EXERCISE DETAILS: Find the lines below that contain the string "unfolding". Copy each one.

··· DATA FOR PROCESSING

lemma prod_diff_eq_sum_chosen_ends:
  assumes "finite J" "finite I" "\<forall>j\<in>J. src j \<in> I \<and> tgt j \<in> I"
  shows "(\<Prod>j\<in>J. c (src j) - c (tgt j)) =
    (\<Sum>\<sigma>\<in>PiE J (\<lambda>_. UNIV). choice_sign J \<sigma> * (\<Prod>i\<in>I. (c i :: real) ^ chosen_degree J src tgt \<sigma> i))"
proof -
  have "(\<Prod>j\<in>J. c (src j) - c (tgt j)) = (\<Prod>j\<in>J. \<Sum>b\<in>UNIV. if b then c (src j) else - c (tgt j))"
    by (simp add: UNIV_bool)
  also have "\<dots> = (\<Sum>\<sigma>\<in>PiE J (\<lambda>_. UNIV). \<Prod>j\<in>J. if \<sigma> j then c (src j) else - c (tgt j))"
    using assms(1) by (intro prod_sum_PiE) auto
  also have "\<dots> = (\<Sum>\<sigma>\<in>PiE J (\<lambda>_. UNIV). \<Prod>j\<in>J. (if \<sigma> j then 1 else -1) * c (chosen_end src tgt \<sigma> j))"
    by (intro sum.cong prod.cong refl) (simp add: chosen_end_def)
  also have "\<dots> = (\<Sum>\<sigma>\<in>PiE J (\<lambda>_. UNIV). choice_sign J \<sigma> * (\<Prod>j\<in>J. c (chosen_end src tgt \<sigma> j)))"
    by (simp add: choice_sign_def prod.distrib)
  also have "\<dots> = (\<Sum>\<sigma>\<in>PiE J (\<lambda>_. UNIV). choice_sign J \<sigma> * (\<Prod>i\<in>I. c i ^ chosen_degree J src tgt \<sigma> i))"
  proof (intro sum.cong refl arg_cong[where f = "\<lambda>x. _ * x"])
    fix \<sigma>
    have "(\<Prod>j\<in>J. c (chosen_end src tgt \<sigma> j))
        = (\<Prod>i\<in>I. \<Prod>j\<in>{j\<in>J. chosen_end src tgt \<sigma> j = i}. c (chosen_end src tgt \<sigma> j))"
      using assms by (intro prod.group[symmetric]) (auto simp: chosen_end_def)
    also have "\<dots> = (\<Prod>i\<in>I. \<Prod>j\<in>{j\<in>J. chosen_end src tgt \<sigma> j = i}. c i)"
      by (intro prod.cong refl) auto
    also have "\<dots> = (\<Prod>i\<in>I. c i ^ chosen_degree J src tgt \<sigma> i)"
      by (simp add: chosen_degree_def)
    finally show "(\<Prod>j\<in>J. c (chosen_end src tgt \<sigma> j)) = \<dots>" .
  qed
  finally show ?thesis .
qed

lemma sum_chosen_degree:
  assumes "finite J" "finite I" "\<forall>j\<in>J. src j \<in> I \<and> tgt j \<in> I"
  shows "(\<Sum>i\<in>I. chosen_degree J src tgt \<sigma> i) = card J"
proof -
  have "(\<Sum>i\<in>I. \<Sum>j\<in>{j\<in>J. chosen_end src tgt \<sigma> j = i}. 1) = (\<Sum>j\<in>J. 1 :: nat)"
    using assms by (intro sum.group) (auto simp: chosen_end_def)
  then show ?thesis by (simp add: chosen_degree_def)
qed

theorem graph_poly_sum_eq_square_coeff:
  assumes I: "finite I" and J: "finite J" and card_J: "card J = 2 * card I"
    and ends: "\<forall>j\<in>J. src j \<in> I \<and> tgt j \<in> I"
    and L: "\<forall>i\<in>I. finite (L i) \<and> card (L i) = 3"
  shows "graph_poly_sum I J src tgt L = graph_poly_square_coeff I J src tgt"
proof -
  let ?d = "chosen_degree J src tgt"
  have "graph_poly_sum I J src tgt L = (\<Sum>c\<in>PiE I L. \<Sum>\<sigma>\<in>PiE J (\<lambda>_. UNIV).
          choice_sign J \<sigma> * (\<Prod>i\<in>I. c i ^ ?d \<sigma> i / lagrange_denom (L i) (c i)))"
    unfolding graph_poly_sum_def prod_diff_eq_sum_chosen_ends[OF J I ends]
    by (simp add: sum_divide_distrib prod_dividef)
  also have "\<dots> = (\<Sum>\<sigma>\<in>PiE J (\<lambda>_. UNIV). choice_sign J \<sigma> *
                    (\<Sum>c\<in>PiE I L. \<Prod>i\<in>I. c i ^ ?d \<sigma> i / lagrange_denom (L i) (c i)))"
    by (subst sum.swap) (simp add: sum_distrib_left)
  also have "\<dots> = (\<Sum>\<sigma>\<in>PiE J (\<lambda>_. UNIV). choice_sign J \<sigma> *
                    (\<Prod>i\<in>I. \<Sum>x\<in>L i. x ^ ?d \<sigma> i / lagrange_denom (L i) x))"
    using I L by (subst prod_sum_PiE) auto
  also have "\<dots> = graph_poly_square_coeff I J src tgt"
    unfolding graph_poly_square_coeff_def
    using sum_chosen_degree[OF J I ends] card_J
    by (intro sum.cong refl arg_cong[where f = "\<lambda>x. _ * x"] prod_sum_power_div_lagrange_denom[OF I _ L])
      simp
  finally show ?thesis .
qed

corollary choosable_if_graph_poly_sum_nonzero:
  fixes L :: "'i \<Rightarrow> real set"
  assumes I: "finite I" and J: "finite J" and card_J: "card J = 2 * card I"
    and ends: "\<forall>j\<in>J. src j \<in> I \<and> tgt j \<in> I"
    and nonzero: "graph_poly_sum I J src tgt (\<lambda>_. {0, 1, 2}) \<noteq> 0"
    and L: "\<forall>i\<in>I. finite (L i) \<and> card (L i) = 3"
  obtains c where "c \<in> PiE I L" "\<forall>j\<in>J. c (src j) \<noteq> c (tgt j)"
proof -
  have "graph_poly_sum I J src tgt L \<noteq> 0"
    using nonzero graph_poly_sum_eq_square_coeff[OF I J card_J ends] L by simp
  then obtain c where "c \<in> PiE I L" "(\<Prod>j\<in>J. c (src j) - c (tgt j)) \<noteq> 0"
    unfolding graph_poly_sum_def by (metis (no_types, lifting) divide_eq_0_iff sum.neutral)
  then show thesis using J by (intro that) (auto simp: prod_zero_iff)
qed

section \<open>The edges and the oriented line graph of GP(3k,k)\<close>

text \<open>Indexing the edges of GP(3k,k): the edge (j, q) with j < k and q < 9 sits at position
  p = (q mod 3) * k + j and is the outer edge u_p u_(p+1) for q < 3, the spoke u_p v_p for
  3 \<le> q < 6 and the inner edge v_p v_(p+k) for 6 \<le> q. Column j collects the nine edges at the
  positions j, k + j and 2k + j; its three inner edges form a triangle.\<close>

definition gp_edge_index :: "nat \<Rightarrow> (nat \<times> nat) set" where
  "gp_edge_index k = {..<k} \<times> {..<9}"

fun gp_edge_at :: "nat \<Rightarrow> nat \<times> nat \<Rightarrow> (bool \<times> nat) set" where
  "gp_edge_at k (j, q) = (let p = (q mod 3) * k + j in
     if q < 3 then {(False, p), (False, (p + 1) mod (3 * k))}
     else if q < 6 then {(False, p), (True, p)}
     else {(True, p), (True, (p + k) mod (3 * k))})"

lemma position_lt: "j < k \<Longrightarrow> m < 3 \<Longrightarrow> m * k + j < 3 * (k :: nat)"
proof -
  assume "j < k" "m < 3"
  then have "m * k + j < (m + 1) * k" by simp
  also have "\<dots> \<le> 3 * k" using \<open>m < 3\<close> by (intro mult_right_mono) auto
  finally show ?thesis .
qed

lemma position_cases:
  assumes "p < 3 * (k :: nat)"
  obtains j m where "j < k" "m < 3" "p = m * k + j"
proof
  show "p mod k < k" "p div k < 3" using assms by (auto simp: less_mult_imp_div_less mult.commute)
qed simp

lemma gp_edge_at_column:
  assumes "m < 3"
  shows "gp_edge_at k (j, m) = {(False, m * k + j), (False, (m * k + j + 1) mod (3 * k))}"
    and "gp_edge_at k (j, 3 + m) = {(False, m * k + j), (True, m * k + j)}"
    and "gp_edge_at k (j, 6 + m) = {(True, m * k + j), (True, (m * k + j + k) mod (3 * k))}"
proof -
  have "(3 + m) mod 3 = m" "(6 + m) mod 3 = m" using assms by presburger+
  then show "gp_edge_at k (j, m) = {(False, m * k + j), (False, (m * k + j + 1) mod (3 * k))}"
    and "gp_edge_at k (j, 3 + m) = {(False, m * k + j), (True, m * k + j)}"
    and "gp_edge_at k (j, 6 + m) = {(True, m * k + j), (True, (m * k + j + k) mod (3 * k))}"
    using assms by (simp_all add: Let_def)
qed

lemma gp_edge_index_cases:
  assumes "(j, q) \<in> gp_edge_index k"
  obtains m where "j < k" "m < 3" "q = m \<or> q = 3 + m \<or> q = 6 + m"
proof
  show "j < k" "q mod 3 < 3" using assms by (auto simp: gp_edge_index_def)
  show "q = q mod 3 \<or> q = 3 + q mod 3 \<or> q = 6 + q mod 3"
    using assms by (simp add: gp_edge_index_def) presburger
qed

lemma column_edges_in_gp_edge_index:
  "j < k \<Longrightarrow> m < 3 \<Longrightarrow> (j, m) \<in> gp_edge_index k \<and> (j, 3 + m) \<in> gp_edge_index k \<and> (j, 6 + m) \<in> gp_edge_index k"
  by (simp add: gp_edge_index_def)

lemma gp_edges_memI:
  assumes "p < n"
  shows "{(False, p), (False, (p + 1) mod n)} \<in> gp_edges n k"
    and "{(False, p), (True, p)} \<in> gp_edges n k"
    and "{(True, p), (True, (p + k) mod n)} \<in> gp_edges n k"
  using assms unfolding gp_edges_def by blast+
(* Assume $\Pi$ is realizable ($\pi^\star\in\Pi$). Fix any layer $h\in[H]$. For any suffix policy $\hat\pi_{h+1:H}\in\Pi_{h+1:H}$, $$\varepsilon_{\mathrm{PC}}(\hat\pi_{h+1:H})\le C_{\mathrm{push}}\cdot\mathbb{E}_{x'\sim\mu_{h+1}}\big[V^\star(x')-V^{\hat\pi}(x')\big],$$ with the convention that for $h=H$ the right-hand side is $0$.
   Context: Layered finite-horizon MDP with layers $\mathcal{X}_1,\dots,\mathcal{X}_H$, actions $\mathcal{A}$, rewards with $\sum_h r_h\in[0,1]$ a.s.; $\pi^\star$ an optimal deterministic policy, $V^\star=V^{\pi^\star}$. $\Pi$ is a class of deterministic policies, $\Pi_h$ its restrictions to $\mathcal{X}_h$, $\Pi_{h+1:H}$ its restrictions to layers $h+1,\dots,H$. For $x\in\mathcal{X}_h$, $Q^{\hat\pi}(x,a)$ is the expected return from playing $a$ at $x$ and then following $\hat\pi_{h+1:H}$, $Q^{\hat\pi}(x,\pi_h):=Q^{\hat\pi}(x,\pi_h(x))$, and for $x'\in\mathcal{X}_{h+1}$, $V^{\hat\pi}(x')$ is the return of following $\hat\pi_{h+1:H}$ from $x'$. Reset distribution $\mu=\{\mu_h\}$, $\mu_h\in\Delta(\mathcal{X}_h)$, with pushforward concentrability $C_{\mathrm{push}}=\max_{2\le h\le H}\sup_{x\in\mathcal{X}_{h-1},a,x'\in\mathcal{X}_h}P(x'\mid x,a)/\mu_h(x')$. Average policy-completeness error: $\varepsilon_{\mathrm{PC}}(\hat\pi_{h+1:H}):=\min_{\pi_h\in\Pi_h}\mathbb{E}_{x\sim\mu_h}[\max_{a\in\mathcal{A}}Q^{\hat\pi}(x,a)-Q^{\hat\pi}(x,\pi_h)]$. *)

theory Defs
  imports "HOL-Probability.Probability"
begin

text \<open>P x a is the next-state distribution, r x a the (expected) reward.\<close>

definition layered_mdp ::
  "nat \<Rightarrow> (nat \<Rightarrow> 'x set) \<Rightarrow> ('x \<Rightarrow> 'a \<Rightarrow> 'x pmf) \<Rightarrow> bool" where
  "layered_mdp H X P \<longleftrightarrow> 1 \<le> H
     \<and> (\<forall>h\<in>{1..H}. \<forall>h'\<in>{1..H}. h \<noteq> h' \<longrightarrow> X h \<inter> X h' = {})
     \<and> (\<forall>h\<in>{1..<H}. \<forall>x\<in>X h. \<forall>a. set_pmf (P x a) \<subseteq> X (Suc h))"

definition rewards_bounded ::
  "nat \<Rightarrow> (nat \<Rightarrow> 'x set) \<Rightarrow> ('x \<Rightarrow> 'a \<Rightarrow> 'x pmf) \<Rightarrow> ('x \<Rightarrow> 'a \<Rightarrow> real) \<Rightarrow> bool" where
  "rewards_bounded H X P r \<longleftrightarrow>
     (\<forall>h\<in>{1..H}. \<forall>(xs :: nat \<Rightarrow> 'x) (as :: nat \<Rightarrow> 'a).
        xs h \<in> X h \<and> (\<forall>i\<in>{h..<H}. xs (Suc i) \<in> set_pmf (P (xs i) (as i)))
        \<longrightarrow> 0 \<le> (\<Sum>i=h..H. r (xs i) (as i)) \<and> (\<Sum>i=h..H. r (xs i) (as i)) \<le> 1)"

fun Vsteps ::
  "('x \<Rightarrow> 'a \<Rightarrow> 'x pmf) \<Rightarrow> ('x \<Rightarrow> 'a \<Rightarrow> real) \<Rightarrow> ('x \<Rightarrow> 'a) \<Rightarrow> nat \<Rightarrow> 'x \<Rightarrow> real" where
  "Vsteps P r p 0 x = 0"
| "Vsteps P r p (Suc n) x =
     r x (p x) + measure_pmf.expectation (P x (p x)) (Vsteps P r p n)"
(* Let $F$ be a topological hyperfield and $*\in\{s,w\}$. Let $M$ be a rank $r$ matroid on a finite set $E$ such that $\operatorname{Real}^*_F(M)\ne\emptyset$, and let $A\subseteq E$ have $r+1$ elements. Let $\tilde\varphi:A^r\to F$ be an alternating function that is nonzero exactly on the ordered bases of $M$ contained in $A$. Then there is a Grassmann–Plücker function $\varphi:E^r\to F$ of the appropriate type ($*$) that extends $\tilde\varphi$ and satisfies $[\varphi]\in\operatorname{Real}^*_F(M)$.
   Context: Hyperfields. A hyperfield $(F,\odot,\boxplus,1,0)$ has the following data and axioms. - $\odot$ is a commutative multiplication and $\boxplus$ is a hyperaddition assigning to each $x,y$ a nonempty subset $x\boxplus y\subseteq F$ (extended to subsets by unions). - $\boxplus$ is commutative and associative, and $x\boxplus 0=\{x\}$. - Each $x$ has a unique $-x$ with $0\in x\boxplus(-x)$, and $x\in y\boxplus z \iff z\in x\boxplus(-y)$. - $(F\setminus\{0\},\odot,1)$ is an abelian group $F^\times$, $0\odot x=0$, and $x\odot(y\boxplus z)=(x\odot y)\boxplus(x\odot z)$. A topological hyperfield is a hyperfield with a topology in which $F\setminus\{0\}$ is open, multiplication is continuous, and inversion on $F^\times$ is continuous. Grassmannians. A function $\varphi:E^r\to F$ is alternating if permuting arguments by $\sigma$ multiplies the value by $\operatorname{sign}\sigma$. A strong Grassmann–Plücker (GP) function of rank $r$ on $E$ is a function $\varphi:E^r\to F$ with the following properties. - $\varphi$ is not identically $0$. - $\varphi$ is alternating. - For all $(i_1,\dots,i_{r+1})\in E^{r+1}$ and $(j_1,\dots,j_{r-1})\in E^{r-1}$: $$0\in\boxplus_{k=1}^{r+1}(-1)^k\varphi(i_1,\dots,\widehat{i_k},\dots,i_{r+1})\odot\varphi(i_k,j_1,\dots,j_{r-1}).$$ A weak GP function is a function $\varphi:E^r\to F$ with the following properties. - $\varphi$ is nonzero and alternating. - Its support is the set of bases of a matroid. - The relation holds when $|\{i\}\setminus\{j\}|=3$. $\operatorname{Gr}^*(r,F^E)$ is the set of strong ($*=s$) or weak ($*=w$) GP functions modulo $\varphi\sim\alpha\varphi$, $\alpha\in F^\times$. Realization spaces. For a matroid $M$ on $E$ of rank $r$, $\operatorname{Real}^*_F(M)$ is the set of $[\varphi]\in\operatorname{Gr}^*(r,F^E)$ such that $\varphi$ is nonzero exactly on the ordered bases of $M$. An ordered basis is an $r$-tuple of distinct elements whose underlying set is a basis. *)

theory Defs
  imports "HOL-Analysis.Analysis" "HOL-Combinatorics.Permutations"
begin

······

WRITTEN ANSWER:
    unfolding graph_poly_sum_def prod_diff_eq_sum_chosen_ends[OF J I ends]
    unfolding graph_poly_square_coeff_def
    unfolding graph_poly_sum_def by (metis (no_types, lifting) divide_eq_0_iff sum.neutral)
  using assms unfolding gp_edges_def by blast+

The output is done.